(* Let $\theta=\sqrt{5-\pi^2/3}$. For all $x\in[-2,0)$, $$g(x):=2x-2x^2-\frac43x^3+\frac75\theta\big(-x^2-2x\big)^{3/2}<0.$$ *)

theory Defs
  imports Complex_Main
begin

end

theory Submission
  imports Defs "HOL-Analysis.Complex_Transcendental"
begin

text \<open>Put \<open>t = -x \<in> (0, 2]\<close>. Then \<open>-x\<^sup>2 - 2x = t(2 - t)\<close> and the polynomial part of
  \<open>g\<close> is \<open>-t(2 + 2t - 4t\<^sup>2/3)\<close>, so after squaring the claim reduces to the polynomial
  inequality \<open>c\<^sup>2 t(2 - t)\<^sup>3 < (2 + 2t - 4t\<^sup>2/3)\<^sup>2\<close> with \<open>c = 7\<theta>/5\<close>. Since
  \<open>\<pi> > 3.14\<close> gives \<open>c\<^sup>2 \<le> 3.36\<close>, it suffices to prove this for \<open>c\<^sup>2 = 3.36\<close>, which is done
  by expanding the difference in the Bernstein basis of \<open>[0, 1/2]\<close>, \<open>[1/2, 1]\<close> and \<open>[1, 2]\<close>,
  where all coefficients turn out to be positive.\<close>

lemma quartic_Bernstein_pos:
  fixes a b t c0 c1 c2 c3 c4 :: real
  assumes "a \<le> t" "t \<le> b" "a < b"
    and "0 < c0" "0 \<le> c1" "0 \<le> c2" "0 \<le> c3" "0 < c4"
  shows "0 < c0*(b-t)^4 + c1*((t-a)*(b-t)^3) + c2*((t-a)^2*(b-t)^2)
             + c3*((t-a)^3*(b-t)) + c4*(t-a)^4"
proof -
  have "0 < (b-t)^4 \<or> 0 < (t-a)^4"
    using assms(1-3) by (cases "t = a") auto
  then have "0 < c0*(b-t)^4 + c4*(t-a)^4"
    using assms(4,8) by (auto intro: add_pos_nonneg add_nonneg_pos)
  moreover have "0 \<le> c1*((t-a)*(b-t)^3) + c2*((t-a)^2*(b-t)^2) + c3*((t-a)^3*(b-t))"
    using assms(1,2,5-7) by simp
  ultimately show ?thesis by linarith
qed

lemma quartic_ineq_on_0_2:
  fixes t :: real
  assumes "0 \<le> t" "t \<le> 2"
  shows "336/100 * t*(2-t)^3 < (2 + 2*t - 4/3*t^2)^2"
proof -
  let ?d = "(2 + 2*t - 4/3*t^2)^2 - 336/100 * t*(2-t)^3"
  consider "t \<le> 1/2" | "1/2 \<le> t" "t \<le> 1" | "1 \<le> t" by linarith
  then have "0 < ?d"
  proof cases
    case 1
    have "?d/16 = 4*(1/2-t)^4 + 164/25*((t-0)*(1/2-t)^3) + 407/75*((t-0)^2*(1/2-t)^2)
                  + 299/75*((t-0)^3*(1/2-t)) + 1297/900*(t-0)^4"
      by algebra
    moreover have "0 < \<dots>"
      using assms 1 by (intro quartic_Bernstein_pos) auto
    ultimately show ?thesis by simp
  next
    case 2
    have "?d/16 = 1297/900*(1-t)^4 + 1697/225*((t-1/2)*(1-t)^3) + 1207/75*((t-1/2)^2*(1-t)^2)
                  + 604/45*((t-1/2)^3*(1-t)) + 844/225*(t-1/2)^4"
      by algebra
    moreover have "0 < \<dots>"
      using 2 by (intro quartic_Bernstein_pos) auto
    ultimately show ?thesis by simp
  next
    case 3
    have "?d = 844/225*(2-t)^4 + 4088/225*((t-1)*(2-t)^3) + 76/3*((t-1)^2*(2-t)^2)
               + 56/9*((t-1)^3*(2-t)) + 4/9*(t-1)^4"
      by algebra
    moreover have "0 < \<dots>"
      using assms 3 by (intro quartic_Bernstein_pos) auto
    ultimately show ?thesis by simp
  qed
  then show ?thesis by simp
qed

lemma powr_three_halves: "0 \<le> y \<Longrightarrow> y powr (3/2) = y * sqrt (y::real)"
  using powr_mult_base[of y "1/2"] by (simp add: powr_half_sqrt)

lemma theta_constant_sq_le: "(7/5 * sqrt (5 - pi^2/3))^2 \<le> 336/100"
proof -
  have "314/100 * (314/100) \<le> pi * pi"
    using pi_approx(1) by (intro mult_mono) auto
  moreover have "pi * pi \<le> 315/100 * (315/100)"
    using pi_approx(2) by (intro mult_mono) auto
  ultimately have pi_sq: "98596/10000 \<le> pi^2" "pi^2 \<le> 10"
    by (simp_all add: power2_eq_square)
  then have "(sqrt (5 - pi^2/3))^2 = 5 - pi^2/3"
    by simp
  then have "(7/5 * sqrt (5 - pi^2/3))^2 = 49/25 * (5 - pi^2/3)"
    unfolding power_mult_distrib by (simp add: power2_eq_square)
  with pi_sq(1) show ?thesis
    by simp
qed

lemma scaled_powr_lt_cubic:
  fixes c t :: real
  assumes "0 < t" "t \<le> 2" "c^2 \<le> 336/100"
  shows "c * (t*(2-t)) powr (3/2) < t * (2 + 2*t - 4/3*t^2)"
proof -
  define y where "y = t*(2-t)"
  define q where "q = 2 + 2*t - 4/3*t^2"
  have "0 \<le> y" using assms(1,2) by (simp add: y_def)
  have "0 < q"
  proof -
    have "4/3*t^2 \<le> 8/3*t"
      using assms(1,2) by (simp add: power2_eq_square)
    then show ?thesis using assms(2) by (simp add: q_def)
  qed
  have "(c * (y * sqrt y))^2 = c^2 * y^3"
    using \<open>0 \<le> y\<close> by (simp add: power_mult_distrib power2_eq_square power3_eq_cube)
  also have "\<dots> \<le> 336/100 * y^3"
    using assms(3) \<open>0 \<le> y\<close> by (intro mult_right_mono) auto
  also have "\<dots> = t^2 * (336/100 * t*(2-t)^3)"
    by (simp add: y_def power_mult_distrib power2_eq_square power3_eq_cube)
  also have "\<dots> < t^2 * q^2"
    using quartic_ineq_on_0_2[of t] assms(1,2) by (simp add: q_def)
  also have "\<dots> = (t * q)^2"
    by (simp add: power_mult_distrib)
  finally have "c * (y * sqrt y) < t * q"
    by (rule power2_less_imp_less) (use assms(1) \<open>0 < q\<close> in simp)
  then show ?thesis
    using \<open>0 \<le> y\<close> by (simp add: powr_three_halves y_def q_def)
qed

theorem lemmaA1:
  fixes x :: real
  assumes "-2 \<le> x" and "x < 0"
  shows "2*x - 2*x^2 - 4/3*x^3 + 7/5 * sqrt (5 - pi^2/3) * (- (x^2) - 2*x) powr (3/2) < 0"
proof -
  have radicand: "- (x^2) - 2*x = (-x) * (2 - (-x))"
    by (simp add: power2_eq_square algebra_simps)
  have polynomial_part: "2*x - 2*x^2 - 4/3*x^3 = - ((-x) * (2 + 2*(-x) - 4/3*(-x)^2))"
    by (simp add: power2_eq_square power3_eq_cube algebra_simps)
  have "7/5 * sqrt (5 - pi^2/3) * ((-x) * (2 - (-x))) powr (3/2)
                   < (-x) * (2 + 2*(-x) - 4/3*(-x)^2)"
    using assms theta_constant_sq_le
    by (intro scaled_powr_lt_cubic) auto
  then show ?thesis
    unfolding radicand polynomial_part by linarith
qed

end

━━━━━━━━━━━━━━━━

§ **YOUR GOAL**: Please transcribe word for word the lines from the line with "fixes x :: real" to the end of the material, both ends included.

§ **RESPONSE AREA**:
  fixes x :: real
  assumes "-2 \<le> x" and "x < 0"
  shows "2*x - 2*x^2 - 4/3*x^3 + 7/5 * sqrt (5 - pi^2/3) * (- (x^2) - 2*x) powr (3/2) < 0"
proof -
  have radicand: "- (x^2) - 2*x = (-x) * (2 - (-x))"
    by (simp add: power2_eq_square algebra_simps)
  have polynomial_part: "2*x - 2*x^2 - 4/3*x^3 = - ((-x) * (2 + 2*(-x) - 4/3*(-x)^2))"
    by (simp add: power2_eq_square power3_eq_cube algebra_simps)
  have "7/5 * sqrt (5 - pi^2/3) * ((-x) * (2 - (-x))) powr (3/2)
                   < (-x) * (2 + 2*(-x) - 4/3*(-x)^2)"
    using assms theta_constant_sq_le
    by (intro scaled_powr_lt_cubic) auto
  then show ?thesis
    unfolding radicand polynomial_part by linarith
qed

end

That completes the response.